GOAL OF THE EXERCISE
Repeat only the stretch of lines below that runs from the line with "(\<forall>x. x \<notin>" through the line with "A B \<longleftrightarrow>", unaltered.

TASK MATERIAL

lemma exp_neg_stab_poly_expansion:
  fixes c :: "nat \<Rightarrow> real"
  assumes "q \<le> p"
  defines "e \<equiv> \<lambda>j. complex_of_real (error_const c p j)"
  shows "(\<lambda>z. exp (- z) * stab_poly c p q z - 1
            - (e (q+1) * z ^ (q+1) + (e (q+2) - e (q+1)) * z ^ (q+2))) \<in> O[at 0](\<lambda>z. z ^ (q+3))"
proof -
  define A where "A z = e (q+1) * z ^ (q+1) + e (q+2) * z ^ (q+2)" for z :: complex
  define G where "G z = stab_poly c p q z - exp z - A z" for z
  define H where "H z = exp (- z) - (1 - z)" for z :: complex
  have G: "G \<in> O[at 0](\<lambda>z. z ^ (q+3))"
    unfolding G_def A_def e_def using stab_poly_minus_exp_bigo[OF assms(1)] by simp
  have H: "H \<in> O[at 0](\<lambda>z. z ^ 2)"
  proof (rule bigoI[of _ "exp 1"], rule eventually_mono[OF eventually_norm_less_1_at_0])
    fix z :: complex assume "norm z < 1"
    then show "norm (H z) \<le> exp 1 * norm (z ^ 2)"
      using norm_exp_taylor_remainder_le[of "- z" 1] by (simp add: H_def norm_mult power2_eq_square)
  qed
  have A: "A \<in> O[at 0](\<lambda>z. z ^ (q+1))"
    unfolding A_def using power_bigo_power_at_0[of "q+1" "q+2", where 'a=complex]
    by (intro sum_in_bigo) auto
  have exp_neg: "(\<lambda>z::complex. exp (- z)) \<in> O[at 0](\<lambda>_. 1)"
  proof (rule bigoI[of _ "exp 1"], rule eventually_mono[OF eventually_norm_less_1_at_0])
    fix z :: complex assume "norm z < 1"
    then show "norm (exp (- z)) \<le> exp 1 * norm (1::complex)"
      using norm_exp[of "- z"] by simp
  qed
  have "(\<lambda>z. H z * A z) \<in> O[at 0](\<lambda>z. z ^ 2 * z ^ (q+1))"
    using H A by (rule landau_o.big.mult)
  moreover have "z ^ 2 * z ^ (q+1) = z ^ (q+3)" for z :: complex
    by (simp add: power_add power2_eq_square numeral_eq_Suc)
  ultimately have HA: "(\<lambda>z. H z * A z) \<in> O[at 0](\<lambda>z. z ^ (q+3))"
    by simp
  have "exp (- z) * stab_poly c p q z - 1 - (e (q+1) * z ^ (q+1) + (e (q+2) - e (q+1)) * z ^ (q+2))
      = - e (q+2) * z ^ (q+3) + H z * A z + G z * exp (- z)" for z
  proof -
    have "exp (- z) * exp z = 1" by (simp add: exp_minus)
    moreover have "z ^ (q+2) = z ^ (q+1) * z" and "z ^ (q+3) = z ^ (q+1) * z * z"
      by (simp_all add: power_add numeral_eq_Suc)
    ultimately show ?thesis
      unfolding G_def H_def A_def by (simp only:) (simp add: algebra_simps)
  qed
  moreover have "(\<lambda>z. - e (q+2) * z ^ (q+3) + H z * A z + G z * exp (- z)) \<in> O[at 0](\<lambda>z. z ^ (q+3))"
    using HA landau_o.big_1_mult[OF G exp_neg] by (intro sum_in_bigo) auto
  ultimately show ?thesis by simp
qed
---
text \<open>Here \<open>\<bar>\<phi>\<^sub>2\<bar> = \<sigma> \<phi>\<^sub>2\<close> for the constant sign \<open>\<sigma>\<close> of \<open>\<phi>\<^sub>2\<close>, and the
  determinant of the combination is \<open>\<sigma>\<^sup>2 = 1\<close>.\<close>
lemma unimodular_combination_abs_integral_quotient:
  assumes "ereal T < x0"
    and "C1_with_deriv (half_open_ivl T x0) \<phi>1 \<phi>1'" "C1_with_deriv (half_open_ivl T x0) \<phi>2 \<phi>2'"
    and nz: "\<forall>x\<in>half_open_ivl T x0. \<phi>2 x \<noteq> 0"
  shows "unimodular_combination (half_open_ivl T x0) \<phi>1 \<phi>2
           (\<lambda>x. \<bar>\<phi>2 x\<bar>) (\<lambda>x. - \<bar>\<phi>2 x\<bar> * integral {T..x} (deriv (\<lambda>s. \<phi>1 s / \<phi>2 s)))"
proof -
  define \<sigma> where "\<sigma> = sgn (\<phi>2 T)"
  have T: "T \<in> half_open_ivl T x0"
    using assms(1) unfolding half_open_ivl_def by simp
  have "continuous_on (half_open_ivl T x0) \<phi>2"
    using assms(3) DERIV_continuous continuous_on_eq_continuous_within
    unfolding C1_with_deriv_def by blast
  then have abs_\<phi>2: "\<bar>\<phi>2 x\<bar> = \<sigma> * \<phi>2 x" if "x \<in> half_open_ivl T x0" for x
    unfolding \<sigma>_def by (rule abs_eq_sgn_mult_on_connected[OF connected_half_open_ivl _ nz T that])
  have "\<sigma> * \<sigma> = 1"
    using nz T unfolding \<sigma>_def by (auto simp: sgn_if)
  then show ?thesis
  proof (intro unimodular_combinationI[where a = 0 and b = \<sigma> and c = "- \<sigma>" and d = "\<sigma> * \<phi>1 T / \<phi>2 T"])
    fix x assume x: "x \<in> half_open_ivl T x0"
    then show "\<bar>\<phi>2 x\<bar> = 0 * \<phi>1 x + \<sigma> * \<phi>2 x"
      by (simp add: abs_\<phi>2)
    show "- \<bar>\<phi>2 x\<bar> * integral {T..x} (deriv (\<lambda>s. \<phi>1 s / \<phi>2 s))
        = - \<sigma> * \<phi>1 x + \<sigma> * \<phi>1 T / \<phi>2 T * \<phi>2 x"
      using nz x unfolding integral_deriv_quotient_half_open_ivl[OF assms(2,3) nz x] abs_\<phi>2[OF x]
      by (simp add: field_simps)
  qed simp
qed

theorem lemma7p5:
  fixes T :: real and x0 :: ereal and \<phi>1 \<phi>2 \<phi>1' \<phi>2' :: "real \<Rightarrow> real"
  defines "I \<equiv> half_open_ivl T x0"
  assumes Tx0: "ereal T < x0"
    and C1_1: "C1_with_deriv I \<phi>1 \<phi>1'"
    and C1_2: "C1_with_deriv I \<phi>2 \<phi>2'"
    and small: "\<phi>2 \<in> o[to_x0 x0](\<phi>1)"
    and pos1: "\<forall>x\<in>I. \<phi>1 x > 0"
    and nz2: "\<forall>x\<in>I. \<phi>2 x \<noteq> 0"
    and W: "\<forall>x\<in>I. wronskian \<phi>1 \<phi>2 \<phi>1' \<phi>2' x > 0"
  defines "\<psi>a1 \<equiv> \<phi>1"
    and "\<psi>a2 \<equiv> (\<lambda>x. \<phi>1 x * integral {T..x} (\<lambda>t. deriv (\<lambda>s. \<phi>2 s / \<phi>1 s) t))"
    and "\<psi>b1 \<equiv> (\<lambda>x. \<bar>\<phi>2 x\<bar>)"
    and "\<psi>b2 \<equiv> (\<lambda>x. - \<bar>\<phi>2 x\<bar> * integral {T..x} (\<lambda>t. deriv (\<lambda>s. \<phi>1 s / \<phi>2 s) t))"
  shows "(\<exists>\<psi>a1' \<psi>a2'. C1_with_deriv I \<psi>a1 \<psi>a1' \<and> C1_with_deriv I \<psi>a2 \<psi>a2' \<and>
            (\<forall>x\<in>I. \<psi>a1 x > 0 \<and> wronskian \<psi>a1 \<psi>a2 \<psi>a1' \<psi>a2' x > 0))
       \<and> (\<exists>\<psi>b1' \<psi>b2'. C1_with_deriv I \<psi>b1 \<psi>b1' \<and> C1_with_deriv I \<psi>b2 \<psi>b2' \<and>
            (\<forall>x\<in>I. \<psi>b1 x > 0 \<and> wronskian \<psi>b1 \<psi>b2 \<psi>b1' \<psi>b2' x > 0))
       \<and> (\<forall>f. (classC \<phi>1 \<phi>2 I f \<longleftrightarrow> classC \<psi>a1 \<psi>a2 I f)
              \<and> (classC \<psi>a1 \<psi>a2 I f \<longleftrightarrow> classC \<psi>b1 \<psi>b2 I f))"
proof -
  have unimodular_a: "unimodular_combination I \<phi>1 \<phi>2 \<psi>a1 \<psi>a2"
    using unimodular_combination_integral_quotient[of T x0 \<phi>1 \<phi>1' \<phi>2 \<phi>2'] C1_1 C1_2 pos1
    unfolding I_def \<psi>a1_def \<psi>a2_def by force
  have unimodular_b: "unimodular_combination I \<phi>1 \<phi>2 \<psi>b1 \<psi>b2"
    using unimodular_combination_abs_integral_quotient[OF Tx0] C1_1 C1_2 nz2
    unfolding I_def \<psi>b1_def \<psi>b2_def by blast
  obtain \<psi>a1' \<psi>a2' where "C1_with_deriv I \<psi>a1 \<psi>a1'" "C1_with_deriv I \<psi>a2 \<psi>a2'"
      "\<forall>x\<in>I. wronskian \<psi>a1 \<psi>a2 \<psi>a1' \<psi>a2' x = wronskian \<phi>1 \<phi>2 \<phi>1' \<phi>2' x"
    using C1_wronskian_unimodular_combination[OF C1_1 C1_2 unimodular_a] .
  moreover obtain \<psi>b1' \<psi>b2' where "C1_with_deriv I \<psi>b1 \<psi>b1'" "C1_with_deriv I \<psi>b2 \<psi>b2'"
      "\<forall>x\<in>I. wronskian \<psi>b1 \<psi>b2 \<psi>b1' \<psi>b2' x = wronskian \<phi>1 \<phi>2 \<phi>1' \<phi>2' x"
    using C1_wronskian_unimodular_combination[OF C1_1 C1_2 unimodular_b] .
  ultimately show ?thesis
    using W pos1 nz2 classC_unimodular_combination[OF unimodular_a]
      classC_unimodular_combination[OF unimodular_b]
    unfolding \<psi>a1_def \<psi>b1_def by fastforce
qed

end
--
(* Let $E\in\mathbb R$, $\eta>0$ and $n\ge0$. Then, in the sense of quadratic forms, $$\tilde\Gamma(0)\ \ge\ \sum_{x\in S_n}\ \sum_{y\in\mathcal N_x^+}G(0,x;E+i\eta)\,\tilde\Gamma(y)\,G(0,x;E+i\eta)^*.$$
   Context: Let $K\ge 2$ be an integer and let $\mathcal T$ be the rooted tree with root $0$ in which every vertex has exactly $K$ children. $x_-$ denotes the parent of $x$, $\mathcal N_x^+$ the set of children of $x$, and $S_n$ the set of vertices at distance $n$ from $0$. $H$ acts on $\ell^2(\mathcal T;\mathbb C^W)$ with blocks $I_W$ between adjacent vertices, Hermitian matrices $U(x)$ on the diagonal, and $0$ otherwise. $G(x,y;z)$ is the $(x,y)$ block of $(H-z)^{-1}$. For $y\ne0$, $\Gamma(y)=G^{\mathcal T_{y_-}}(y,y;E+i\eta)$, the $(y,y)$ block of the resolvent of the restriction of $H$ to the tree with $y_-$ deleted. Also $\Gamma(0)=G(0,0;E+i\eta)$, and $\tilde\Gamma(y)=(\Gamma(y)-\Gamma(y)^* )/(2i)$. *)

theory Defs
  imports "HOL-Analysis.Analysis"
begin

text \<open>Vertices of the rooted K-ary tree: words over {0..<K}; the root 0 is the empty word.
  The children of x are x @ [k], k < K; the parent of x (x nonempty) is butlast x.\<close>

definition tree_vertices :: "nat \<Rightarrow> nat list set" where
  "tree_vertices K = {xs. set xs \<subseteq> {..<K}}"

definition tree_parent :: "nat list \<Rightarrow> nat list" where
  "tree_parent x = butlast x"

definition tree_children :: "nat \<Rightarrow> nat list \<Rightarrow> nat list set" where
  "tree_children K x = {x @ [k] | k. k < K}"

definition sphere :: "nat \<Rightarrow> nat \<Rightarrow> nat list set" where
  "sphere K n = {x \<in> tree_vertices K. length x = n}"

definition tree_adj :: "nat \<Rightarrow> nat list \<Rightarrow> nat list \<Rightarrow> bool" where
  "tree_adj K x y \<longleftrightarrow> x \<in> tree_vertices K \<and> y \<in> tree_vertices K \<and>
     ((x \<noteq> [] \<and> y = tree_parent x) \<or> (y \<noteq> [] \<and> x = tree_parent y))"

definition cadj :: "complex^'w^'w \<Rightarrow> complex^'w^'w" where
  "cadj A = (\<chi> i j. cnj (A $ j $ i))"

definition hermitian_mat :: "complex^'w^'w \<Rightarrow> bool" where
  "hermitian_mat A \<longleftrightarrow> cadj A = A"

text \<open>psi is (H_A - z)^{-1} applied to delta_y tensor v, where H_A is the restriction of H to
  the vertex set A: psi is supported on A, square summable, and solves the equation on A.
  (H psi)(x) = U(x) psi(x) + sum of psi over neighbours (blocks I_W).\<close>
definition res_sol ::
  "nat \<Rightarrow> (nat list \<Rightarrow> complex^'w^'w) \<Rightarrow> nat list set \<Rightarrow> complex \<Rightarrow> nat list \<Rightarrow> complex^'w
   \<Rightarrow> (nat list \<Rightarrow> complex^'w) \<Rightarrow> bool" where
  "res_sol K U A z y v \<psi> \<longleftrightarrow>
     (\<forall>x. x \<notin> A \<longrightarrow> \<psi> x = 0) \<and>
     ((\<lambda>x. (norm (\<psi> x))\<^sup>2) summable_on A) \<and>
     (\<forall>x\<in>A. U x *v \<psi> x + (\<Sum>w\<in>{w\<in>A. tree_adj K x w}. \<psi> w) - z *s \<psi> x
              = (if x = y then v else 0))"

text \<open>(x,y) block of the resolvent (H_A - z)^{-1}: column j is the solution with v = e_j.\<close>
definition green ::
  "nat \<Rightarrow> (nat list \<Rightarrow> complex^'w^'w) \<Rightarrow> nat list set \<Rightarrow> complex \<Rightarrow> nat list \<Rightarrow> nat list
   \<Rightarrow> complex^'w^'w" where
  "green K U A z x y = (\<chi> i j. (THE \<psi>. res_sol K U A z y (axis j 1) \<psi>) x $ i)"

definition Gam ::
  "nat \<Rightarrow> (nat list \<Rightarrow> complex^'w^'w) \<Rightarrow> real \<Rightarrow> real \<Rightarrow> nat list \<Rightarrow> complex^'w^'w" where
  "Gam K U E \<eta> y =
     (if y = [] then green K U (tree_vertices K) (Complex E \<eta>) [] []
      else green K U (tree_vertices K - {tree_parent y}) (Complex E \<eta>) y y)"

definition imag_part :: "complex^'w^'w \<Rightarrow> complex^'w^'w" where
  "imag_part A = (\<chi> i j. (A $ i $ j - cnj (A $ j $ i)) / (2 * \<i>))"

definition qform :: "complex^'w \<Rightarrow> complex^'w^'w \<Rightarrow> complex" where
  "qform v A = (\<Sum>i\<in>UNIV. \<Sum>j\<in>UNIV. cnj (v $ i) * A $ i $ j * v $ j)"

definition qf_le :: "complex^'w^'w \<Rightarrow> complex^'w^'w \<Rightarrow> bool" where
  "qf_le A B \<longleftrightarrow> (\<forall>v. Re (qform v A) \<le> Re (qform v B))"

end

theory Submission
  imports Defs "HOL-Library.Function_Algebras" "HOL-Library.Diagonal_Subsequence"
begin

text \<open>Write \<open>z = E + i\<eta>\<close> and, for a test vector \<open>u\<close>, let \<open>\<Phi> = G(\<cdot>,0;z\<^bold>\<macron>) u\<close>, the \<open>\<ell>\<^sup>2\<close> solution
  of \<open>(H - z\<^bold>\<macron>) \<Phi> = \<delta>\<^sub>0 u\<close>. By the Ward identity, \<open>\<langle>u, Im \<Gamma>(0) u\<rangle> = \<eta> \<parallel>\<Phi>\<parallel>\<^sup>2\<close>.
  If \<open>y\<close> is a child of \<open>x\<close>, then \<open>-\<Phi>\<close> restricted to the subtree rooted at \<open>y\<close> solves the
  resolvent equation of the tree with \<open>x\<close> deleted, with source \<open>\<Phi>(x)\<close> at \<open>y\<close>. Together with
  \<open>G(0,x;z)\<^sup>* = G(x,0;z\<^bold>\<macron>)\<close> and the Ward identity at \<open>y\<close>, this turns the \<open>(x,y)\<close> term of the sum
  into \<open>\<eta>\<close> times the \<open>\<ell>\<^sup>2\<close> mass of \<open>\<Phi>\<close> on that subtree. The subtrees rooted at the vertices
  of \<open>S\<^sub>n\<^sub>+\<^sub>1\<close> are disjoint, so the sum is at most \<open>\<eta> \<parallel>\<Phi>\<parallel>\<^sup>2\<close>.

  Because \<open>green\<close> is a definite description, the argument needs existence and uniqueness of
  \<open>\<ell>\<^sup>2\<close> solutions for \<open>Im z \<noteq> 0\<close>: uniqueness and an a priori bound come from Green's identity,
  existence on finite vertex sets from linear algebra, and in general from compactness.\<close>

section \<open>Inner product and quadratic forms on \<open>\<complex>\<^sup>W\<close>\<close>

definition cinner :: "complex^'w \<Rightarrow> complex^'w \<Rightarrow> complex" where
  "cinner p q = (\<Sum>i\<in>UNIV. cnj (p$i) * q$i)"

SOLVED EXERCISE
     (\<forall>x. x \<notin> A \<longrightarrow> \<psi> x = 0) \<and>
     ((\<lambda>x. (norm (\<psi> x))\<^sup>2) summable_on A) \<and>
     (\<forall>x\<in>A. U x *v \<psi> x + (\<Sum>w\<in>{w\<in>A. tree_adj K x w}. \<psi> w) - z *s \<psi> x
              = (if x = y then v else 0))"

text \<open>(x,y) block of the resolvent (H_A - z)^{-1}: column j is the solution with v = e_j.\<close>
definition green ::
  "nat \<Rightarrow> (nat list \<Rightarrow> complex^'w^'w) \<Rightarrow> nat list set \<Rightarrow> complex \<Rightarrow> nat list \<Rightarrow> nat list
   \<Rightarrow> complex^'w^'w" where
  "green K U A z x y = (\<chi> i j. (THE \<psi>. res_sol K U A z y (axis j 1) \<psi>) x $ i)"

definition Gam ::
  "nat \<Rightarrow> (nat list \<Rightarrow> complex^'w^'w) \<Rightarrow> real \<Rightarrow> real \<Rightarrow> nat list \<Rightarrow> complex^'w^'w" where
  "Gam K U E \<eta> y =
     (if y = [] then green K U (tree_vertices K) (Complex E \<eta>) [] []
      else green K U (tree_vertices K - {tree_parent y}) (Complex E \<eta>) y y)"

definition imag_part :: "complex^'w^'w \<Rightarrow> complex^'w^'w" where
  "imag_part A = (\<chi> i j. (A $ i $ j - cnj (A $ j $ i)) / (2 * \<i>))"

definition qform :: "complex^'w \<Rightarrow> complex^'w^'w \<Rightarrow> complex" where
  "qform v A = (\<Sum>i\<in>UNIV. \<Sum>j\<in>UNIV. cnj (v $ i) * A $ i $ j * v $ j)"

definition qf_le :: "complex^'w^'w \<Rightarrow> complex^'w^'w \<Rightarrow> bool" where
  "qf_le A B \<longleftrightarrow> (\<forall>v. Re (qform v A) \<le> Re (qform v B))"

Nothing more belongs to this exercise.